Certaines personnes se reconnaîtront peut-être dans ma situation. Je suis né et j’ai grandi sur une ferme laitière, ferme où j’ai travaillé dès que j’en ai été capable. Au début mon père me donnait de petites tâches, frustrantes parfois, mais avec le temps j’ai pris goût à participer à cette besogne récurrente. Rendu à l’adolescence, cette routine d’ouvrier était partie prenante de ma vie. J’ai même vite apprécié me lever tôt pour aller faire le train… et ce même si j’avais festoyé avec mes amis la veille!

Angoisse de perennité - Agrimom

Sans le savoir, ce mode de vie, où se côtoient travail, responsabilités et nature, m’a inculqué de profondes valeurs ainsi que des visions différentes de certaines choses ou situations… Par exemple, (je m’attends à des réactions) mais soyons honnête, une personne qui a grandi sur une ferme ne voit pas un animal mort de la même façon qu’un citadin… ne voit pas le petit minou du même œil… et sait que l’animal devant elle finira tôt ou tard dans son assiette. Cette personne connaît aussi l’implication nécessaire, sait que chaque petit geste ou petite attention face à ce même animal est important. Bref, cette proximité avec la nature nous amène à réfléchir et probablement agir différemment! Nous pourrions élaborer longtemps sur cet héritage mais mon problème demeure.

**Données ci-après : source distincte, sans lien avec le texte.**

lemma endpoint_in_open_segment:
  fixes u v :: "'a::real_vector"
  assumes p: "p \<in> open_segment u v" and w: "w \<in> affine hull {u, v}" "w \<notin> closed_segment u v"
  shows "u \<in> open_segment p w \<or> v \<in> open_segment p w"
proof -
  obtain al where al: "0 < al" "al < 1" "p = u + al *\<^sub>R (v - u)"
    using p by (auto simp: in_segment algebra_simps)
  obtain lam where lam: "w = u + lam *\<^sub>R (v - u)"
  proof -
    obtain x y where "w = x *\<^sub>R u + y *\<^sub>R v" "x + y = 1"
      using w(1) unfolding affine_hull_2 by blast
    then have "w = u + y *\<^sub>R (v - u)"
      by (simp add: algebra_simps flip: scaleR_add_left)
    then show thesis by (rule that)
  qed
  have pw: "p \<noteq> w" using p w(2) open_closed_segment by blast
  have comb: "(1 - mu) *\<^sub>R p + mu *\<^sub>R w = u + ((1 - mu) * al + mu * lam) *\<^sub>R (v - u)" for mu
    by (simp add: al(3) lam algebra_simps)
  have "lam < 0 \<or> 1 < lam"
  proof (rule ccontr)
    assume "\<not> (lam < 0 \<or> 1 < lam)"
    then have "w \<in> closed_segment u v"
      unfolding lam in_segment by (intro exI[of _ lam]) (auto simp: algebra_simps)
    with w(2) show False by simp
  qed
  then show ?thesis
  proof
    assume "lam < 0"
    define mu where "mu = al / (al - lam)"
    have "0 < al - lam" using al \<open>lam < 0\<close> by simp
    then have "0 < mu" "mu < 1" "(1 - mu) * al + mu * lam = 0"
      using al \<open>lam < 0\<close> by (simp_all add: mu_def field_simps)
    then have "u \<in> open_segment p w"
      using comb[of mu] pw unfolding in_segment by auto
    then show ?thesis ..
  next
    assume "1 < lam"
    define mu where "mu = (1 - al) / (lam - al)"
    have "0 < lam - al" using al \<open>1 < lam\<close> by simp
    then have "0 < mu" "mu < 1" "mu * (lam - al) = 1 - al"
      using al \<open>1 < lam\<close> by (simp_all add: mu_def field_simps)
    then have "0 < mu" "mu < 1" "(1 - mu) * al + mu * lam = 1"
      by (simp_all add: algebra_simps)
    then have "v \<in> open_segment p w"
      using comb[of mu] pw unfolding in_segment by auto
    then show ?thesis ..
  qed
qed

lemma inner_open_segment_increasing:
  fixes a :: "'a::real_inner"
  assumes "p \<in> open_segment r q" "a \<bullet> r < a \<bullet> p"
  shows "a \<bullet> p < a \<bullet> q"
proof -
  obtain s where s: "0 < s" "s < 1" "p = r + s *\<^sub>R (q - r)"
    using assms(1) by (auto simp: in_segment algebra_simps)
  have rp: "a \<bullet> p - a \<bullet> r = s * (a \<bullet> q - a \<bullet> r)"
    and pq: "a \<bullet> q - a \<bullet> p = (1 - s) * (a \<bullet> q - a \<bullet> r)"
    unfolding s(3) by (simp_all add: inner_add_right inner_diff_right algebra_simps)
  have "0 < a \<bullet> q - a \<bullet> r"
    using zero_less_mult_pos[of s "a \<bullet> q - a \<bullet> r"] rp s(1) assms(2) by linarith
  with pq s(2) show ?thesis
    by (smt (verit) mult_pos_pos)
qed

lemma open_segment_order_by_inner:
  fixes g :: "'a::real_inner"
  assumes p: "p \<in> open_segment r b" and q: "q \<in> open_segment r b"
    and "g \<bullet> r < g \<bullet> b" "g \<bullet> p < g \<bullet> q"
  shows "p \<in> open_segment r q"
proof -
  obtain s where s: "0 < s" "s < 1" "p = r + s *\<^sub>R (b - r)"
    using p by (auto simp: in_segment algebra_simps)
  obtain t where t: "0 < t" "t < 1" "q = r + t *\<^sub>R (b - r)"
    using q by (auto simp: in_segment algebra_simps)
  have "g \<bullet> q - g \<bullet> p = (t - s) * (g \<bullet> b - g \<bullet> r)"
    by (simp add: s(3) t(3) inner_add_right inner_diff_right algebra_simps)
  with assms(3,4) have "s < t"
    by (smt (verit) mult_nonpos_nonneg)
  have "p = (1 - s / t) *\<^sub>R r + (s / t) *\<^sub>R q"
    using t(1) by (simp add: s(3) t(3) algebra_simps)
  moreover have "r \<noteq> q" "p \<noteq> q"
    using q assms(4) by (auto simp: open_segment_def)
  ultimately show ?thesis
    using s(1) t(1) \<open>s < t\<close> unfolding in_segment by (auto intro!: exI[of _ "s / t"])
qed

lemma open_segment_crosses_hyperplane:
  fixes a :: "'a::real_inner"
  assumes "a \<bullet> x < c" "c < a \<bullet> y"
  shows "\<exists>w\<in>open_segment x y. a \<bullet> w = c"
proof -
  define t where "t = (c - a \<bullet> x) / (a \<bullet> y - a \<bullet> x)"
  have t: "0 < t" "t < 1" using assms by (auto simp: t_def field_simps)
  define w where "w = (1 - t) *\<^sub>R x + t *\<^sub>R y"
  have "a \<bullet> w = a \<bullet> x + t * (a \<bullet> y - a \<bullet> x)"
    by (simp add: w_def inner_add_right algebra_simps)
  also have "\<dots> = c" using assms by (simp add: t_def)
  finally have "a \<bullet> w = c" .
  moreover have "w \<in> open_segment x y"
    using t assms unfolding w_def in_segment by auto
  ultimately show ?thesis by blast
qed

lemma collinear_on_hyperplane:
  fixes a :: "real^2"
  assumes "a \<noteq> 0" and "\<forall>x\<in>S. a \<bullet> x = c"
  shows "collinear S"
proof -
  have "aff_dim S \<le> aff_dim {x. a \<bullet> x = c}"
    using assms(2) by (intro aff_dim_subset) auto
  then show ?thesis
    using assms(1) by (simp add: collinear_aff_dim)
qed

lemma convex_comb_in_interior_triangle:
  fixes A B C :: point
  assumes "\<not> collinear {A, B, C}" and "x > 0" "y > 0" "z > 0" "x + y + z = 1"
  shows "x *\<^sub>R A + y *\<^sub>R B + z *\<^sub>R C \<in> interior (convex hull {A, B, C})"
proof -
  have d: "A \<noteq> B" "A \<noteq> C" "B \<noteq> C"
    using assms(1) by (auto simp: insert_commute)
  have "\<not> affine_dependent {A, B, C}"
    using assms(1) collinear_3_eq_affine_dependent by blast
  moreover have "card {A, B, C} = 3" using d by auto
  moreover
  define f where "f = (\<lambda>P. if P = A then x else if P = B then y else z)"
  have "\<forall>P\<in>{A, B, C}. 0 < f P"
    using assms(2-4) by (simp add: f_def)
  moreover have "sum f {A, B, C} = 1" "(\<Sum>P\<in>{A, B, C}. f P *\<^sub>R P) = x *\<^sub>R A + y *\<^sub>R B + z *\<^sub>R C"
    using d assms(5) by (simp_all add: f_def algebra_simps)
  ultimately show ?thesis
    by (subst interior_convex_hull_explicit_minimal) auto
qed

Me voilà rendu à 36 ans, 4 enfants avec un latent et récurrent sentiment de ne pas pouvoir transmettre ces intangibles acquis de mon enfance. Vous devinerez que je ne suis plus sur la ferme. Ma conjointe et moi avons achetés une maison en milieu rural, nous avons des poules, des lapins et je tente d’impliquer au maximum mes enfants dans les petites tâches. Il est primordial pour moi que mes enfants côtoient les animaux et leur environnement. Je veux qu’ils soient en mesure de se faire leur propre idée du monde agricole. Je veux qu’ils fassent la part des choses et qu’ils relativisent les faits lorsqu’ils voient dans les médias, une nouvelle qui touche le domaine agricole. Je tente de les sensibiliser au maximum sur cette réalité mal connue. Souvent je les amène chez les voisins qui ont des fermes et j’essaie de vulgariser, d’expliquer « le pourquoi du comment » mais ce n’est pas comme y être et le vivre! Disons que malgré tous ces efforts, mon angoisse de pérennité persiste et persistera toujours!